When data becomes too much in its dimension then it becomes a problem for pattern learning. Too much information is bad because of two things: compute and execution time and quality of the model fit. When the dimension of the data is too high we need to find a way to reduce it. But that reduction has to be done in such a way that we maintain the all relevant information in the original data.  The algorithm that we are going to discuss in this article does this job. The algorithm is quite famous and widely used in a variety of tasks. Its name is Principal Component Analysis aka PCA.

The main purpose of the principal component analysis is to find the dimensions of maximum variance and to recast the data into these fewer dimensions so that the information needed for the Machine Learning Algorithm to do its job is intact.

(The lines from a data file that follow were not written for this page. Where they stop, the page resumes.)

(* There is an algorithm which, on input a prime $p$ and a primitive root $g$ modulo $p$ with $1<g<p$, computes every value $q_p(u)$, $0\le u<p-1$, using $O(p)$ arithmetic operations on $O(\log p)$-bit integers.
   Context: For a prime $p$ and an integer $u$ with $\gcd(u,p)=1$, the Fermat quotient $q_p(u)$ is the unique integer with $q_p(u)\equiv (u^{p-1}-1)/p \pmod p$ and $0\le q_p(u)\le p-1$; also $q_p(kp)=0$ for all $k\in\mathbb{Z}$. *)

theory Defs
  imports "HOL-Number_Theory.Number_Theory"
begin

definition fermat_quotient :: "nat \<Rightarrow> int \<Rightarrow> int" where
  "fermat_quotient p u =
     (if int p dvd u then 0 else ((u ^ (p - 1) - 1) div int p) mod int p)"

text \<open>Each executed instruction costs one step (one arithmetic operation or
  one memory access / jump). The bit length of the integers handled is measured
  separately by bounding the absolute values of all memory cells during the run.\<close>

datatype instr =
    Const nat int
  | Add nat nat nat
  | Sub nat nat nat
  | Mul nat nat nat
  | Div nat nat nat
  | Rem nat nat nat
  | Load nat nat
  | Store nat nat
  | Jz nat nat
  | Jmp nat
  | Halt

type_synonym state = "nat \<times> (int \<Rightarrow> int)"

fun exec_instr :: "instr \<Rightarrow> state \<Rightarrow> state" where
  "exec_instr (Const r k) (pc, M) = (pc + 1, M(int r := k))"
| "exec_instr (Add r a b) (pc, M) = (pc + 1, M(int r := M (int a) + M (int b)))"
| "exec_instr (Sub r a b) (pc, M) = (pc + 1, M(int r := M (int a) - M (int b)))"
| "exec_instr (Mul r a b) (pc, M) = (pc + 1, M(int r := M (int a) * M (int b)))"
| "exec_instr (Div r a b) (pc, M) = (pc + 1, M(int r := M (int a) div M (int b)))"
| "exec_instr (Rem r a b) (pc, M) = (pc + 1, M(int r := M (int a) mod M (int b)))"
| "exec_instr (Load r a) (pc, M) = (pc + 1, M(int r := M (M (int a))))"
| "exec_instr (Store a b) (pc, M) = (pc + 1, M(M (int a) := M (int b)))"
| "exec_instr (Jz r l) (pc, M) = (if M (int r) = 0 then (l, M) else (pc + 1, M))"
| "exec_instr (Jmp l) (pc, M) = (l, M)"
| "exec_instr Halt (pc, M) = (pc, M)"

definition halted :: "instr list \<Rightarrow> state \<Rightarrow> bool" where
  "halted prog s \<longleftrightarrow> fst s \<ge> length prog \<or> prog ! fst s = Halt"

definition step :: "instr list \<Rightarrow> state \<Rightarrow> state" where
  "step prog s = (if halted prog s then s else exec_instr (prog ! fst s) s)"
(* Let $X$ be a toric Fano variety, $Y$ a smooth complete toric variety of the same dimension $n$, and $f\colon X\to Y$ an equivariant birational morphism. Then for every irreducible invariant divisor $E\subset X$ we have $\rho_Y-\rho_{f(E)}\leq 3$. If $f(E)$ is a point $p\in Y$, then $\rho_Y\leq 3$, and $E$ is the only irreducible component of the exceptional divisor of $f$ contracted to $p$, unless $Y\simeq\mathbb{P}^n$; if $Y\simeq\mathbb{P}^n$, there is at most one other component of the exceptional divisor contracted to $p$.
   Context: A toric Fano variety is a smooth projective toric variety with ample anticanonical divisor; $\rho$ denotes the Picard number. Invariant means invariant under the torus action. *)

theory Defs
  imports "HOL-Analysis.Analysis"
begin

text \<open>Combinatorial model of smooth complete toric varieties of dimension n = CARD('n):
  the lattice N = Z^n sits inside real^'n; a smooth fan is encoded as a set of cones,
  each cone being given by the (finite) set of its primitive ray generators.\<close>

definition lattice_pts :: "(real^'n) set" where
  "lattice_pts = {x. \<forall>i. x $ i \<in> \<int>}"

definition int_span :: "(real^'n) set \<Rightarrow> (real^'n) set" where
  "int_span B = {y. \<exists>c. (\<forall>v\<in>B. c v \<in> \<int>) \<and> y = (\<Sum>v\<in>B. c v *\<^sub>R v)}"

definition lattice_basis :: "(real^'n) set \<Rightarrow> bool" where
  "lattice_basis B \<longleftrightarrow> finite B \<and> independent B \<and> card B = CARD('n) \<and>
     B \<subseteq> lattice_pts \<and> int_span B = lattice_pts"

definition unimodular :: "(real^'n) set \<Rightarrow> bool" where
  "unimodular S \<longleftrightarrow> (\<exists>B. S \<subseteq> B \<and> lattice_basis B)"

definition pos_cone :: "(real^'n) set \<Rightarrow> (real^'n) set" where
  "pos_cone S = {y. \<exists>c. (\<forall>v\<in>S. c v \<ge> 0) \<and> y = (\<Sum>v\<in>S. c v *\<^sub>R v)}"

definition smooth_fan :: "(real^'n) set set \<Rightarrow> bool" where
  "smooth_fan \<Sigma> \<longleftrightarrow> finite \<Sigma> \<and> \<Sigma> \<noteq> {} \<and>
     (\<forall>S\<in>\<Sigma>. unimodular S) \<and>
     (\<forall>S\<in>\<Sigma>. \<forall>T. T \<subseteq> S \<longrightarrow> T \<in> \<Sigma>) \<and>
     (\<forall>S\<in>\<Sigma>. \<forall>T\<in>\<Sigma>. pos_cone S \<inter> pos_cone T = pos_cone (S \<inter> T))"

definition smooth_complete_fan :: "(real^'n) set set \<Rightarrow> bool" where
  "smooth_complete_fan \<Sigma> \<longleftrightarrow> smooth_fan \<Sigma> \<and> (\<Union>S\<in>\<Sigma>. pos_cone S) = UNIV"

text \<open>Rays (= irreducible invariant divisors), given by primitive generators.\<close>
definition rays :: "(real^'n) set set \<Rightarrow> (real^'n) set" where
  "rays \<Sigma> = {v. {v} \<in> \<Sigma>}"
lemma clmul_cplx_mvec:
  assumes "1 \<le> m"
  shows "clmul m (cplx_mvec a b) u C
    = (if C \<subseteq> {1..m} then a * u C + b * basis_sign 1 C * u (symd {1} C) else 0)"
proof -
  have "(\<Sum>A\<in>Pow {1..m}. csign A (symd A C) * cplx_mvec a b A * u (symd A C))
      = (\<Sum>A\<in>Pow {1..m}. (if A = {} then a * u C else 0)
           + (if A = {1} then b * basis_sign 1 C * u (symd {1} C) else 0))"
    by (rule sum.cong) (auto simp: cplx_mvec_def csign_singleton_symd)
  then show ?thesis using assms by (simp add: clmul_def sum.distrib)
qed

lemma clmul_basis_basis_same:
  assumes "j \<in> {1..m}" "C \<subseteq> {1..m}"
  shows "clmul m (basis j) (clmul m (basis j) u) C = - u C"
  using assms symd_subset[OF assms(2,1)] basis_sign_square[of j C]
  by (simp add: clmul_basis basis_sign_symd_same)

lemma clmul_basis_basis_anticommute:
  assumes "i \<in> {1..m}" "j \<in> {1..m}" "i \<noteq> j"
  shows "clmul m (basis i) (clmul m (basis j) u) C = - clmul m (basis j) (clmul m (basis i) u) C"
proof (cases "C \<subseteq> {1..m}")
  case True
  with assms have "symd {i} C \<subseteq> {1..m}" "symd {j} C \<subseteq> {1..m}"
    by (auto simp: symd_def)
  with True assms show ?thesis
    by (cases "i < j") (auto simp: clmul_basis symd_commute basis_sign_symd_other)
qed (use assms in \<open>simp add: clmul_basis\<close>)

lemma clmul_basis_cplx_mvec:
  assumes "j \<in> {2..m}"
  shows "clmul m (basis j) (clmul m (cplx_mvec a b) u) C
    = clmul m (cplx_mvec a (- b)) (clmul m (basis j) u) C"
proof (cases "C \<subseteq> {1..m}")
  case True
  with assms have "symd {1} C \<subseteq> {1..m}" "symd {j} C \<subseteq> {1..m}"
    by (auto simp: symd_def)
  with True assms show ?thesis
    by (simp add: clmul_basis clmul_cplx_mvec symd_commute basis_sign_symd_other algebra_simps)
qed (use assms in \<open>simp add: clmul_basis clmul_cplx_mvec\<close>)

lemma clmul_add_right: "clmul m w (u + v) = clmul m w u + clmul m w v"
  by (auto simp: clmul_def fun_eq_iff sum.distrib algebra_simps)

lemma clmul_scaleR_right: "clmul m w (c *\<^sub>R u) = c *\<^sub>R clmul m w u"
  by (auto simp: clmul_def fun_eq_iff sum_distrib_left algebra_simps)

lemma clmul_sum_right: "clmul m w (\<Sum>j\<in>S. f j) = (\<Sum>j\<in>S. clmul m w (f j))"
proof (induction S rule: infinite_finite_induct)
  case (insert j S)
  then show ?case by (simp only: sum.insert[OF insert.hyps] clmul_add_right)
qed (simp_all add: clmul_def fun_eq_iff)

section \<open>Smooth functions\<close>

lemma iterpd_Nil [simp]: "iterpd [] f = f"
  by (simp add: iterpd_def)

lemma iterpd_Cons: "iterpd (j # js) f = pdx j (iterpd js f)"
  by (simp add: iterpd_def)

lemma iterpd_snoc: "iterpd (js @ [j]) f = iterpd js (pdx j f)"
  by (simp add: iterpd_def)

lemma smooth_cl_differentiable:
  "smooth_cl m F \<Longrightarrow> set js \<subseteq> {0..m} \<Longrightarrow> j \<in> {0..m} \<Longrightarrow>
   (\<lambda>t. iterpd js F (x(j := t)) C) differentiable (at (x j))"
  unfolding smooth_cl_def by blast

lemma smooth_cl_continuous:
  "smooth_cl m F \<Longrightarrow> set js \<subseteq> {0..m} \<Longrightarrow> continuous_on UNIV (\<lambda>x. iterpd js F x C)"
  unfolding smooth_cl_def by blast

lemma deriv_sum_cmult:
  fixes f :: "'i \<Rightarrow> real \<Rightarrow> real" and a :: "'i \<Rightarrow> real"
  assumes "finite I" "\<forall>i\<in>I. (\<lambda>t. f i t) differentiable (at s)"
  shows "deriv (\<lambda>t. \<Sum>i\<in>I. a i * f i t) s = (\<Sum>i\<in>I. a i * deriv (f i) s)"
proof -
  have "((\<lambda>t. \<Sum>i\<in>I. a i * f i t) has_real_derivative (\<Sum>i\<in>I. a i * deriv (f i) s)) (at s)"
  proof (rule DERIV_sum)
    fix i assume "i \<in> I"
    then have "(f i has_real_derivative deriv (f i) s) (at s)"
      using assms(2) DERIV_deriv_iff_real_differentiable by blast
    then show "((\<lambda>t. a i * f i t) has_real_derivative a i * deriv (f i) s) (at s)"
      by (rule DERIV_cmult)
  qed
  then show ?thesis by (rule DERIV_imp_deriv)
qed

lemma iterpd_lincomb:
  assumes fin: "finite I" and sm: "\<forall>i\<in>I. smooth_cl m (F i)" and js: "set js \<subseteq> {0..m}"
  shows "iterpd js (\<lambda>x C. \<Sum>i\<in>I. a i C * F i x (\<sigma> i C))
       = (\<lambda>x C. \<Sum>i\<in>I. a i C * iterpd js (F i) x (\<sigma> i C))"
  using js
proof (induction js)
  case Nil then show ?case by simp
next
  case (Cons j js)
  then have j: "j \<in> {0..m}" and js': "set js \<subseteq> {0..m}" by auto
  have "iterpd (j # js) (\<lambda>x C. \<Sum>i\<in>I. a i C * F i x (\<sigma> i C))
      = pdx j (\<lambda>x C. \<Sum>i\<in>I. a i C * iterpd js (F i) x (\<sigma> i C))"
    using Cons js' by (simp add: iterpd_Cons)
  also have "\<dots> = (\<lambda>x C. \<Sum>i\<in>I. a i C * iterpd (j # js) (F i) x (\<sigma> i C))"
  proof (intro ext)
    fix x C
    have "pdx j (\<lambda>x C. \<Sum>i\<in>I. a i C * iterpd js (F i) x (\<sigma> i C)) x C
       = deriv (\<lambda>t. \<Sum>i\<in>I. a i C * iterpd js (F i) (x(j := t)) (\<sigma> i C)) (x j)"
      by (simp add: pdx_def)
    also have "\<dots> = (\<Sum>i\<in>I. a i C * deriv (\<lambda>t. iterpd js (F i) (x(j := t)) (\<sigma> i C)) (x j))"
      by (rule deriv_sum_cmult[OF fin]) (use sm js' j smooth_cl_differentiable in blast)
    also have "\<dots> = (\<Sum>i\<in>I. a i C * iterpd (j # js) (F i) x (\<sigma> i C))"
      by (simp add: iterpd_Cons pdx_def)
    finally show "pdx j (\<lambda>x C. \<Sum>i\<in>I. a i C * iterpd js (F i) x (\<sigma> i C)) x C
       = (\<Sum>i\<in>I. a i C * iterpd (j # js) (F i) x (\<sigma> i C))" .
  qed
  finally show ?case .
qed

lemma smooth_cl_lincomb:
  assumes fin: "finite I" and sm: "\<forall>i\<in>I. smooth_cl m (F i)"
  shows "smooth_cl m (\<lambda>x C. \<Sum>i\<in>I. a i C * F i x (\<sigma> i C))"
  unfolding smooth_cl_def
proof (intro allI impI conjI ballI)
  fix js :: "nat list" and C assume js: "set js \<subseteq> {0..m}"
  show "continuous_on UNIV (\<lambda>x. iterpd js (\<lambda>x C. \<Sum>i\<in>I. a i C * F i x (\<sigma> i C)) x C)"
    unfolding iterpd_lincomb[OF fin sm js]
    by (intro continuous_on_sum continuous_on_mult continuous_on_const)
      (use sm js smooth_cl_continuous in blast)
next
  fix js :: "nat list" and j x C assume js: "set js \<subseteq> {0..m}" and j: "j \<in> {0..m}"
  show "(\<lambda>t. iterpd js (\<lambda>x C. \<Sum>i\<in>I. a i C * F i x (\<sigma> i C)) (x(j := t)) C) differentiable at (x j)"
    unfolding iterpd_lincomb[OF fin sm js]
    by (intro differentiable_sum[OF fin] ballI differentiable_mult differentiable_const)
      (use sm js j smooth_cl_differentiable in blast)
qed

lemma smooth_cl_pdx: "smooth_cl m F \<Longrightarrow> j \<in> {0..m} \<Longrightarrow> smooth_cl m (pdx j F)"
proof -
  assume F: "smooth_cl m F" and j: "j \<in> {0..m}"
  show ?thesis unfolding smooth_cl_def
  proof (intro allI impI conjI ballI)
    fix js :: "nat list" and C assume js: "set js \<subseteq> {0..m}"
    have js': "set (js @ [j]) \<subseteq> {0..m}" using js j by simp
    show "continuous_on UNIV (\<lambda>x. iterpd js (pdx j F) x C)"
      using smooth_cl_continuous[OF F js', of C] by (simp only: iterpd_snoc)
  next
    fix js :: "nat list" and i x C assume js: "set js \<subseteq> {0..m}" and i: "i \<in> {0..m}"
    have js': "set (js @ [j]) \<subseteq> {0..m}" using js j by simp
    show "(\<lambda>t. iterpd js (pdx j F) (x(i := t)) C) differentiable at (x i)"
      using smooth_cl_differentiable[OF F js' i, of x C] by (simp only: iterpd_snoc)
  qed
qed

lemma smooth_cl_add: "smooth_cl m F \<Longrightarrow> smooth_cl m G \<Longrightarrow> smooth_cl m (F + G)"
proof -
  assume F: "smooth_cl m F" and G: "smooth_cl m G"
  have "F + G = (\<lambda>x C. \<Sum>i\<in>{0::nat, 1}. 1 * (if i = 0 then F else G) x C)"
    by (simp add: fun_eq_iff)
  moreover have "smooth_cl m (\<lambda>x C. \<Sum>i\<in>{0::nat, 1}. 1 * (if i = 0 then F else G) x C)"
    by (rule smooth_cl_lincomb) (use F G in auto)
  ultimately show ?thesis by simp
qed

lemma smooth_cl_scaleR: "smooth_cl m F \<Longrightarrow> smooth_cl m (c *\<^sub>R F)"
proof -
  assume F: "smooth_cl m F"
  have "c *\<^sub>R F = (\<lambda>x C. \<Sum>i\<in>{0::nat}. c * F x C)"
    by (simp add: fun_eq_iff)
  moreover have "smooth_cl m (\<lambda>x C. \<Sum>i\<in>{0::nat}. c * F x C)"
    by (rule smooth_cl_lincomb) (use F in auto)
  ultimately show ?thesis by simp
qed

lemma smooth_cl_zero: "smooth_cl m 0"
proof -
  have "(0 :: point \<Rightarrow> mvec) = (\<lambda>x C. \<Sum>i\<in>({}::nat set). 1 * (0 :: point \<Rightarrow> mvec) x C)"
    by (simp add: fun_eq_iff)
  moreover have "smooth_cl m (\<lambda>x C. \<Sum>i\<in>({}::nat set). 1 * (0 :: point \<Rightarrow> mvec) x C)"
    by (rule smooth_cl_lincomb) auto
  ultimately show ?thesis by simp
qed

lemma pdx_add:
  "smooth_cl m F \<Longrightarrow> smooth_cl m G \<Longrightarrow> j \<in> {0..m} \<Longrightarrow> pdx j (F + G) = pdx j F + pdx j G"
proof -
  assume F: "smooth_cl m F" and G: "smooth_cl m G" and j: "j \<in> {0..m}"
  have "F + G = (\<lambda>x C. \<Sum>i\<in>{0::nat, 1}. 1 * (if i = 0 then F else G) x C)"
    by (simp add: fun_eq_iff)
  then have "pdx j (F + G) = iterpd [j] (\<lambda>x C. \<Sum>i\<in>{0::nat, 1}. 1 * (if i = 0 then F else G) x C)"
    by (simp add: iterpd_Cons)
  also have "\<dots> = (\<lambda>x C. \<Sum>i\<in>{0::nat, 1}. 1 * iterpd [j] (if i = 0 then F else G) x C)"
    by (rule iterpd_lincomb) (use F G j in auto)
  finally show ?thesis by (simp add: fun_eq_iff iterpd_Cons)
qed

lemma pdx_scaleR: "smooth_cl m F \<Longrightarrow> j \<in> {0..m} \<Longrightarrow> pdx j (c *\<^sub>R F) = c *\<^sub>R pdx j F"
proof -
  assume F: "smooth_cl m F" and j: "j \<in> {0..m}"
  have "c *\<^sub>R F = (\<lambda>x C. \<Sum>i\<in>{0::nat}. c * F x C)"
    by (simp add: fun_eq_iff)
  then have "pdx j (c *\<^sub>R F) = iterpd [j] (\<lambda>x C. \<Sum>i\<in>{0::nat}. c * F x C)"
    by (simp add: iterpd_Cons)
  also have "\<dots> = (\<lambda>x C. \<Sum>i\<in>{0::nat}. c * iterpd [j] F x C)"
    by (rule iterpd_lincomb) (use F j in auto)
  finally show ?thesis by (simp add: fun_eq_iff iterpd_Cons)
qed

lemma depends_only_add: "depends_only S F \<Longrightarrow> depends_only S G \<Longrightarrow> depends_only S (F + G)"
  unfolding depends_only_def by (metis plus_fun_apply)

lemma depends_only_scaleR: "depends_only S F \<Longrightarrow> depends_only S (c *\<^sub>R F)"
  by (simp add: depends_only_def)

lemma depends_only_upd: "depends_only S F \<Longrightarrow> j \<notin> S \<Longrightarrow> F (x(j := t)) = F x"
  unfolding depends_only_def by auto

lemma depends_only_pdx: "depends_only S F \<Longrightarrow> j \<in> S \<Longrightarrow> depends_only S (pdx j F)"
  unfolding depends_only_def pdx_def
proof (intro allI impI)
  fix x x' :: point
  assume F: "\<forall>x x'. (\<forall>j\<in>S. x j = x' j) \<longrightarrow> F x = F x'" and j: "j \<in> S"
    and xx': "\<forall>j\<in>S. x j = x' j"
  then have "F (x(j := t)) = F (x'(j := t))" for t by auto
  with j xx' show "(\<lambda>C. deriv (\<lambda>t. F (x(j := t)) C) (x j))
      = (\<lambda>C. deriv (\<lambda>t. F (x'(j := t)) C) (x' j))"
    by simp
qed
(* Let $P_\star\in\mathcal{P}$, let $P_n$ be the empirical distribution of $n$ i.i.d. draws from $P_\star$, and let $\widehat P_n\in\mathcal{P}$ be an estimate of $P_\star$ that is independent of $P_n$. Write $\pi_n=\pi_{\widehat P_n}$, $\theta_{n,a}=\theta_{\widehat P_n,a}$, $\psi_n=\psi_{\widehat P_n}$, $\phi_n=\phi_{\widehat P_n}$, and define the remainder $\mathcal{R}_n=\psi_n+\mathbb{E}_{Z\sim P_\star}[\phi_n(Z)]-\psi_\star$ (with $\widehat P_n$ held fixed in the expectation). If (i) $\|\pi_n-\pi_\star\|_{L^2(P_{\star,X})}=O_p(n^{-\tau})$ for some scalar $\tau>0$, and (ii) $\|\theta_{n,a}-\theta_{\star,a}\|_{L^2(P_{\star,X};\mathcal{H})}=O_p(n^{-\gamma_a})$ for some scalar $\gamma_a>0$, for each $a\in\{0,1\}$, then $\|\mathcal{R}_n\|_{\mathcal{H}}=O_p\big(n^{-[\tau+\min\{\gamma_1,\gamma_0\}]}\big)$. In particular, if $\tau+\min\{\gamma_1,\gamma_0\}>1/2$, then $\|\mathcal{R}_n\|_{\mathcal{H}}=o_p(n^{-1/2})$.
   Context: $\mathcal{X},\mathcal{Y}$ Polish; $\mathcal{Z}=\mathcal{X}\times\{0,1\}\times\mathcal{Y}$, $Z=(X,A,Y)$. $\mathcal{P}$ is a dominated, locally nonparametric collection of distributions on $\mathcal{Z}$ with $P_{Y\mid A,X}$ non-degenerate and strong positivity: fixed $\eta>0$ with $\eta\le\pi_P(x)\le1-\eta$ $P_X$-a.e. for all $P\in\mathcal{P}$, where $\pi_P(x)=P(A=1\mid X=x)$. $k,\ell$ bounded characteristic kernels with feature maps $K_x,L_y$; $\mathcal{H}=\mathcal{H}_\mathcal{X}\otimes\mathcal{H}_\mathcal{Y}$ real separable tensor-product RKHS with feature map $\Lambda_{x,y}=K_x\otimes L_y$. For $P\in\mathcal{P}$: $\theta_{P,a}(x)=K_x\otimes\mathbb{E}_P[L_Y\mid A=a,X=x]$, $\psi_P=\mathbb{E}_P[\theta_{P,1}(X)-\theta_{P,0}(X)]$, $\phi_P(x,a,y)=(\frac{a}{\pi_P(x)}-\frac{1-a}{1-\pi_P(x)})(\Lambda_{x,y}-\theta_{P,a}(x))+\theta_{P,1}(x)-\theta_{P,0}(x)-\psi_P$. Subscript $\star$ denotes evaluation at $P_\star$. $\|f\|^2_{L^2(P_{\star,X})}=\int f^2dP_{\star,X}$, $\|g\|^2_{L^2(P_{\star,X};\mathcal{H})}=\int\|g(x)\|^2_{\mathcal{H}}P_{\star,X}(dx)$. *)

theory Defs
  imports "HOL-Probability.Probability"
begin

definition Zspace :: "('x::topological_space \<times> bool \<times> 'y::topological_space) measure" where
  "Zspace = borel \<Otimes>\<^sub>M (count_space UNIV \<Otimes>\<^sub>M borel)"

text \<open>A distribution P of Z = (X,A,Y) is described by its X-marginal P_X, the propensity
  score pi_P(x) = P(A = 1 | X = x), and the conditional laws P_{Y|A=a,X=x}.\<close>

record ('x, 'y) model =
  mX    :: "'x measure"
  mprop :: "'x \<Rightarrow> real"
  mcond :: "bool \<Rightarrow> 'x \<Rightarrow> 'y measure"
(* Let $T$ be a type distribution on $\mathcal{S}\subseteq\mathbb{N}$, let $\mathcal{Q}_n$ be a monotone event, and let $\Lambda_n,\Lambda_n':\mathcal{S}\times\mathcal{S}\to\mathbb{N}$ satisfy $\Lambda_n(t,s)\le\Lambda_n'(t,s)$ for all $t,s\in\mathcal{S}$. Then: 1. if $\mathcal{Q}_n$ is increasing, $\mathbb{P}(\texttt{ARD}_n(T,\Lambda_n)\in\mathcal{Q}_n)\le\mathbb{P}(\texttt{ARD}_n(T,\Lambda_n')\in\mathcal{Q}_n)$; 2. if $\mathcal{Q}_n$ is decreasing, $\mathbb{P}(\texttt{ARD}_n(T,\Lambda_n)\in\mathcal{Q}_n)\ge\mathbb{P}(\texttt{ARD}_n(T,\Lambda_n')\in\mathcal{Q}_n)$.
   Context: $\texttt{ARD}_n(T,\Lambda_n)$: vertex set $[n]$, types $T_v$ i.i.d. as $T$; with $V_t=\{v:T_v=t\}$, independently for each $(t,s)\in\mathcal{S}^2$ choose $\Lambda_n(t,s)$ arcs uniformly at random without replacement from $(V_t\times V_s)\setminus\{(v,v):v\in[n]\}$ (all of them if there are fewer). For marked digraphs, $G_1\subseteq G_2$ if vertices carry the same marks and arcs of $G_1$ are arcs of $G_2$; $\mathcal{Q}_n$ is increasing if $G_1\in\mathcal{Q}_n,G_1\subseteq G_2\Rightarrow G_2\in\mathcal{Q}_n$, decreasing if $G_2\in\mathcal{Q}_n,G_1\subseteq G_2\Rightarrow G_1\in\mathcal{Q}_n$, monotone if either. *)

theory Defs
  imports "HOL-Probability.Probability"
begin

text \<open>A marked digraph: a pair (marks, arcs), marks :: vertex => type, arcs a set of pairs.
  Vertex set [n] is represented as {0..<n}.\<close>
type_synonym mdigraph = "(nat \<Rightarrow> nat) \<times> (nat \<times> nat) set"

definition on_vertices :: "nat \<Rightarrow> mdigraph \<Rightarrow> bool" where
  "on_vertices n G \<longleftrightarrow> snd G \<subseteq> {(u,v). u < n \<and> v < n \<and> u \<noteq> v}"
text \<open>Conservativity bounds a positive weighted sum of the components, so the bottom SCC X is
finite, and so is Q = X|_I. Projecting runs inside X shows that Q is strongly connected for A|_I;
it remains to show that Q is closed under steps of A|_I. Every state of Q is reached from x0|_I
by a path inside Q of length at most |Q|^2. Such a path, followed by one more step, lifts to a run
of A from x0: each step lowers a component outside I by at most ||A||, and these components start
above (|Q|^2 + 1) ||A||. The run stays in X, so the target of the step lies in Q. Finally
|Q| <= (||G|| + 1)^d, which yields the threshold (||G|| + 2)^(2d + 2).\<close>

definition config_box :: "nat set \<Rightarrow> nat \<Rightarrow> vec set" where
  "config_box S K = {y \<in> configs S. \<forall>i\<in>S. y i \<le> K}"

lemma inj_on_restrict_config_box: "inj_on (\<lambda>y. restrict y S) (config_box S K)"
proof (rule inj_onI)
  fix x y assume x: "x \<in> config_box S K" and y: "y \<in> config_box S K"
    and eq: "restrict x S = restrict y S"
  show "x = y"
  proof
    fix i show "x i = y i"
      using x y fun_cong[OF eq, of i] unfolding config_box_def configs_def by (cases "i \<in> S") auto
  qed
qed

lemma restrict_config_box_subset: "(\<lambda>y. restrict y S) ` config_box S K \<subseteq> S \<rightarrow>\<^sub>E {..K}"
  unfolding config_box_def by auto

lemma finite_config_box: "finite S \<Longrightarrow> finite (config_box S K)"
proof -
  assume "finite S"
  then have "finite ((\<lambda>y. restrict y S) ` config_box S K)"
    by (blast intro: finite_subset[OF restrict_config_box_subset] finite_PiE)
  then show ?thesis using finite_imageD inj_on_restrict_config_box by blast
qed

lemma card_config_box_le:
  assumes "finite S"
  shows "card (config_box S K) \<le> (K + 1) ^ card S"
proof -
  have "card (config_box S K) = card ((\<lambda>y. restrict y S) ` config_box S K)"
    using card_image[OF inj_on_restrict_config_box] by simp
  also have "\<dots> \<le> card (S \<rightarrow>\<^sub>E {..K})"
    using assms by (intro card_mono restrict_config_box_subset) (simp add: finite_PiE)
  also have "\<dots> = (K + 1) ^ card S"
    using assms by (simp add: card_PiE)
  finally show ?thesis .
qed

Free Step-by-step Guide To Become A Data Scientist

Subscribe and get this detailed guide absolutely FREE

PCA is used to transform a high-dimensional dataset into a smaller-dimensional subspace; into a new coordinate system. In the new coordinate system, the first axis corresponds to the first principal component, which is the component that explains the greatest amount of the variance in the data.

In simple words, the principal component analysis is a method of extracting important variables known as principal components from a large set of variables available in a data set. It captures as much information as possible from the original high dimensional data. It represents the original data in terms of its principal components in a new dimension space.

Summary of PCA:

Applications of PCA :

  • Visualization
  • Denoising
  • Data Compression
  • Speeding up ML algorithms

Problem Statement:

Speed up Handwriting recognition learning

Solution:

We will solve this problem by forming the classification pipeline on the MNIST dataset.

About the Dataset 

 

The MNIST database of handwritten digits, available from this page, has a training set of 60,000 examples, and a test set of 10,000 examples. It is a subset of a larger set available from NIST. The digits have been size-normalized and centered in a fixed-size image. It is a good database for people who want to try learning techniques and pattern recognition methods on real-world data while spending minimal efforts on preprocessing and formatting.

Four files are available on this site:

  • train-images-idx3-ubyte.gz: training set images (9912422 bytes)
  • train-labels-idx1-ubyte.gz: training set labels (28881 bytes)
  • t10k-images-idx3-ubyte.gz: test set images (1648877 bytes)
  • t10k-labels-idx1-ubyte.gz: test set labels (4542 bytes)
Parameters Number
Classes 10
Samples per class ~7000 samples per class
Samples total 70000
Dimensionality 784
Features integers values from 0 to 255

The MNIST database of handwritten digits is available on the following website: MNIST Dataset

Train a model with all components

from sklearn.datasets import fetch_mldata
from sklearn.decomposition import PCA
from sklearn import metrics
from sklearn.model_selection import train_test_split
import pandas as pd
from sklearn.linear_model import LogisticRegression
from sklearn.preprocessing import StandardScaler
import numpy as np

Load the Dataset :

# You can add the parameter data_home to wherever to where you want to download your data
mnist = fetch_mldata('MNIST original')

Check data information:

print(mnist.data.shape)
print(mnist.COL_NAMES)
print(mnist.target.shape)

(70000, 784)
['label', 'data']
(70000,)
[0. 1. 2. 3. 4. 5. 6. 7. 8. 9.]

There are 70,000 records of 784 dimensions. The labels are a 70,000-dimensional vector. The dimension has been exported under name ‘data’ and labels are exported as ‘target’.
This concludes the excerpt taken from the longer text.